US job growth hits lowest in almost two years in October, unemployment rises

  • Nonfarm payrolls projected to increase by 200,000
  • Unemployment rate rises from 3.5% to 3.6%
  • Average hourly earnings expected to rise 0.3%

WASHINGTON (Reuters) – U.S. employers likely cut jobs in October for the first time in almost two years and increased wages at a modest pace. That suggests that labor market conditions have eased somewhat, and the Federal Reserve may shift to lessening rate hikes from December.

Friday’s jobs report, which the Labor Department is closely watching, also expects the unemployment rate to rise to 3.6% from 3.5% in September. The Fed on Wednesday announced another 75 basis point rate hike and said further increases in borrowing costs would be needed to fight inflation.

But central banks have suggested we may be approaching an inflection point in what has been the most rapid monetary policy tightening in 40 years.

“The labor market is basically doing well, but it seems to be slowing,” said Guy Berger, chief economist at LinkedIn.

in San Francisco. “The Fed will try to stick a needle in the needle that slows the labor market enough to put downward pressure on wages and inflation without triggering a recession.”

Nonfarm payrolls likely increased by 200,000 last month, after adding 263,000 in September, according to a Reuters poll of economists. This would be his smallest increase since December 2020, when his salary was cut in the onslaught of COVID-19 infections. Estimates he ranged from 120,000 to 300,000.

Employment growth was probably more evenly distributed across industry sectors, in line with recent patterns, with the leisure and hospitality sector leading the way. Leisure and hospitality employment is at least 1 million below pre-pandemic levels. Interest rate-sensitive industries such as financial activities, transportation and warehousing will likely cut jobs as they did in September. Government salaries are expected to fall further.

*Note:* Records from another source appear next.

text \<open>
  Let \<open>E\<close> be the set of \<open>\<tau>\<close>-popular sums and suppose first that \<open>f\<close> is increasing on \<open>A\<close>;
  put \<open>S = A + B\<close> and \<open>\<delta> = 8 / \<tau>\<close>. For \<open>x \<in> E\<close> and \<open>b \<in> B\<close> the fibre
  \<open>{a \<in> A. x - f a \<in> C}\<close> has at least \<open>\<tau>\<close> elements. Ranking \<open>a + b\<close> in \<open>S\<close> and \<open>x - f a\<close>
  in \<open>C\<close>, a pigeonhole argument on the normalised sum of the two ranks yields at least
  \<open>\<tau> / 2\<close> pairs \<open>a < a'\<close> of the fibre whose rank gaps are below \<open>\<delta>|S|\<close> resp. \<open>\<delta>|C|\<close>.
  By strict convexity the increment \<open>f (y + d) - f y\<close> is strictly increasing in \<open>y\<close>, so
  \<open>(x, b, a, a') \<mapsto> (a + b, a' + b, x - f a', x - f a)\<close> is injective; its image consists of
  rank-close pairs of \<open>S\<close> and of \<open>C\<close>, of which there are at most \<open>\<delta>|S|\<^sup>2\<close> and \<open>\<delta>|C|\<^sup>2\<close>.
  Hence \<open>|E||B|\<tau>/2 \<le> 64|S|\<^sup>2|C|\<^sup>2/\<tau>\<^sup>2\<close>. A general strictly convex \<open>f\<close> is increasing on
  one part of \<open>A\<close> and decreasing on the other, and the decreasing part is reflected to the
  increasing case.
\<close>

lemma strictly_convex_chord:
  assumes sc: "strictly_convex f" and pq: "p < q" and qr: "q < r"
  shows "f q * (r - p) < (r - q) * f p + (q - p) * f r"
proof -
  define t where "t = (q - p) / (r - p)"
  have rp: "r - p > 0" using pq qr by simp
  have t: "0 < t" "t < 1" using pq qr by (auto simp: t_def field_simps)
  have "(1 - t) * p + t * r = p + t * (r - p)" by (simp add: algebra_simps)
  hence q: "(1 - t) * p + t * r = q" using rp by (simp add: t_def)
  have "f q < (1 - t) * f p + t * f r"
    using sc t pq qr unfolding strictly_convex_def q[symmetric] by auto
  hence "f q * (r - p) < ((1 - t) * f p + t * f r) * (r - p)"
    using rp by (simp add: mult_strict_right_mono)
  also have "\<dots> = ((r - p) - t * (r - p)) * f p + t * (r - p) * f r"
    by (simp add: algebra_simps)
  also have "\<dots> = (r - q) * f p + (q - p) * f r"
    using rp by (simp add: t_def)
  finally show ?thesis .
qed

lemma strictly_convex_increment_less:
  assumes sc: "strictly_convex f" and "0 < d" and "y < z"
  shows "f (y + d) - f y < f (z + d) - f z"
proof -
  have "f (y + d) * (z + d - y) < (z - y) * f y + d * f (z + d)"
    using strictly_convex_chord[OF sc, of y "y + d" "z + d"] assms by simp
  moreover have "f z * (z + d - y) < d * f y + (z - y) * f (z + d)"
    using strictly_convex_chord[OF sc, of y z "z + d"] assms by simp
  ultimately have "(f (y + d) + f z) * (z + d - y) < (f y + f (z + d)) * (z + d - y)"
    by (simp add: algebra_simps)
  hence "f (y + d) + f z < f y + f (z + d)"
    using assms by (simp add: mult_less_cancel_right)
  thus ?thesis by simp
qed

lemma strictly_convex_translate_eq:
  assumes sc: "strictly_convex f" and "a1 < a1'"
    and "a1 + b1 = a2 + b2" "a1' + b1 = a2' + b2" "f a1' - f a1 = f a2' - f a2"
  shows "b1 = b2"
proof (rule ccontr)
  assume "b1 \<noteq> b2"
  hence "a1 \<noteq> a2" using assms(3) by auto
  have a2': "a2' = a2 + (a1' - a1)" using assms(3,4) by simp
  from \<open>a1 \<noteq> a2\<close> show False
    using strictly_convex_increment_less[OF sc, of "a1' - a1" a1 a2]
      strictly_convex_increment_less[OF sc, of "a1' - a1" a2 a1] assms(2,5)
    unfolding a2' by (auto simp: neq_iff)
qed

lemma strictly_convex_reflect:
  assumes "strictly_convex f"
  shows "strictly_convex (\<lambda>t. f (- t))"
  unfolding strictly_convex_def
proof (intro allI impI)
  fix x y t :: real assume xyt: "x \<noteq> y \<and> 0 < t \<and> t < 1"
  have chord: "\<And>u v. u \<noteq> v \<Longrightarrow> f ((1 - t) * u + t * v) < (1 - t) * f u + t * f v"
    using assms xyt unfolding strictly_convex_def by blast
  have "f ((1 - t) * - x + t * - y) < (1 - t) * f (- x) + t * f (- y)"
    using chord[of "- x" "- y"] xyt by simp
  moreover have "(1 - t) * - x + t * - y = - ((1 - t) * x + t * y)" by (simp add: algebra_simps)
  ultimately show "f (- ((1 - t) * x + t * y)) < (1 - t) * f (- x) + t * f (- y)"
    by simp
qed

lemma strictly_convex_split_monotone:
  fixes A :: "real set"
  assumes sc: "strictly_convex f"
  defines "A1 \<equiv> {a \<in> A. \<forall>y>a. f a < f y}"
  shows "strict_mono_on A1 f" and "strict_antimono_on (A - A1) f"
proof -
  show "strict_mono_on A1 f" unfolding A1_def by (rule strict_mono_onI) auto
  show "strict_antimono_on (A - A1) f"
  proof (rule monotone_onI)
    fix a a' assume a: "a \<in> A - A1" and a': "a' \<in> A - A1" and "a < a'"
    obtain y where "a' < y" "f y \<le> f a'" using a' unfolding A1_def by auto
    have "f a' * (y - a) < (y - a') * f a + (a' - a) * f y"
      using strictly_convex_chord[OF sc \<open>a < a'\<close> \<open>a' < y\<close>] .
    also have "\<dots> \<le> (y - a') * f a + (a' - a) * f a'"
      using \<open>f y \<le> f a'\<close> \<open>a < a'\<close> by (intro add_left_mono mult_left_mono) auto
    finally have "f a' * (y - a') < (y - a') * f a" by (simp add: algebra_simps)
    thus "f a' < f a" using \<open>a' < y\<close> by (simp add: mult.commute)
  qed
qed

lemma sumset_eq_image: "sumset A B = (\<lambda>(a, b). a + b) ` (A \<times> B)"
  unfolding sumset_def by auto

lemma finite_sumset: "finite A \<Longrightarrow> finite B \<Longrightarrow> finite (sumset A B)"
  unfolding sumset_eq_image by simp

lemma card_sumset_le: "finite A \<Longrightarrow> finite B \<Longrightarrow> card (sumset A B) \<le> card A * card B"
  unfolding sumset_eq_image by (metis card_cartesian_product card_image_le finite_SigmaI)

lemma card_le_card_sumset:
  assumes "finite A" "finite B" "a \<in> A"
  shows "card B \<le> card (sumset A B)"
proof -
  have "(\<lambda>b. a + b) ` B \<subseteq> sumset A B" unfolding sumset_def using assms(3) by auto
  hence "card ((\<lambda>b. a + b) ` B) \<le> card (sumset A B)"
    using assms by (intro card_mono finite_sumset) auto
  thus ?thesis by (simp add: card_image)
qed

lemma sumset_mono: "A \<subseteq> A' \<Longrightarrow> sumset A B \<subseteq> sumset A' B"
  unfolding sumset_def by auto

lemma sumset_uminus: "sumset (uminus ` A) (uminus ` B) = uminus ` sumset A B"
proof -
  have "uminus ` A \<times> uminus ` B = (\<lambda>(a, b). (- a, - b)) ` (A \<times> B)" by auto
  thus ?thesis unfolding sumset_eq_image by (simp add: image_image case_prod_unfold)
qed

lemma rep_eq_card_fibre:
  assumes "inj_on f A"
  shows "rep (f ` A) C x = card {a \<in> A. x - f a \<in> C}"
proof -
  have "{(u, v). u \<in> f ` A \<and> v \<in> C \<and> u + v = x} = (\<lambda>a. (f a, x - f a)) ` {a \<in> A. x - f a \<in> C}"
    by force
  moreover have "inj_on (\<lambda>a. (f a, x - f a)) {a \<in> A. x - f a \<in> C}"
    using assms unfolding inj_on_def by auto
  ultimately show ?thesis unfolding rep_def by (simp add: card_image)
qed

lemma rep_Un_le: "rep (X \<union> Y) C x \<le> rep X C x + rep Y C x"
proof -
  have pairs: "{(u, v). u \<in> X \<union> Y \<and> v \<in> C \<and> u + v = x}
      = {(u, v). u \<in> X \<and> v \<in> C \<and> u + v = x} \<union> {(u, v). u \<in> Y \<and> v \<in> C \<and> u + v = x}"
    by auto
  show ?thesis unfolding rep_def pairs by (rule card_Un_le)
qed

lemma rep_pos_imp_mem_sumset:
  assumes "0 < rep X C x"
  shows "x \<in> sumset X C"
proof -
  have "{(u, v). u \<in> X \<and> v \<in> C \<and> u + v = x} \<noteq> {}"
    using assms unfolding rep_def by (metis card.empty less_irrefl)
  thus ?thesis unfolding sumset_def by blast
qed

definition popular :: "real set \<Rightarrow> real set \<Rightarrow> real \<Rightarrow> real set" where
  "popular X C \<tau> = {x \<in> sumset X C. \<tau> \<le> real (rep X C x)}"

Hurricane Ian is expected to have a slight hit to labor costs. A storm hit Florida in late September, pushing up unemployment claims in mid-October when the government investigated businesses for last month’s jobs report.

“Hurricane Ian should have at least some negative impact on nonfarm employment,” said Lou Crandall, chief economist at Wrightson ICAP in Jersey City. “Assuming at least some workers were laid off in the areas hardest hit by the hurricane, we lowered our forecast slightly to show an increase of 150,000 (from 200,000).”

Backfill position

Job growth has been solid, but domestic demand has softened as borrowing costs rise as companies replace workers who would otherwise retire. But with the risk of recession rising, the practice could end soon. A survey by the Supply Management Institute on Thursday found that some service sector firms are “holding off from backfilling positions” due to uncertain economic conditions.

Nevertheless, the labor market remains tight, with 1.9 vacancies per unemployed at the end of September.

Average hourly wages are forecast to increase by 0.3%, matching September’s increase. However, there is a risk of an unexpected rise due to Hurricane His Ian or calendar anomalies. According to Crandall of his at Wrightson ICAP, hourly wage reporting levels can artificially rise when storms or other events keep people from going to work during payroll week.

The government inspects businesses and households during the week that includes the 12th of the month.

“The week of the payroll survey included the 15th day of the month, and it is likely that wage increases were guaranteed by workers being paid mid-month and at the end of the month rather than every other week, so the monthly/monthly It tends to bias change higher, said Kevin Cummins, chief U.S. economist at NatWest Markets in Stamford, Connecticut.

Barring distortions from weather and calendar quirks, wage growth is slowing. Average hourly earnings are projected to rise 4.7% year-on-year in October after he rose 5.0% in September. Other wage indicators are also boiling, which bodes well for inflation.

“We believe wage growth has peaked,” said Michelle Green, chief economist at Prevedia in Columbus, Ohio. but its growth rate is actually starting to slow.”

Reported by Lucia Mutikani.Edited by Cynthia Osterman

Our standards: Thomson Reuters Trust Principles.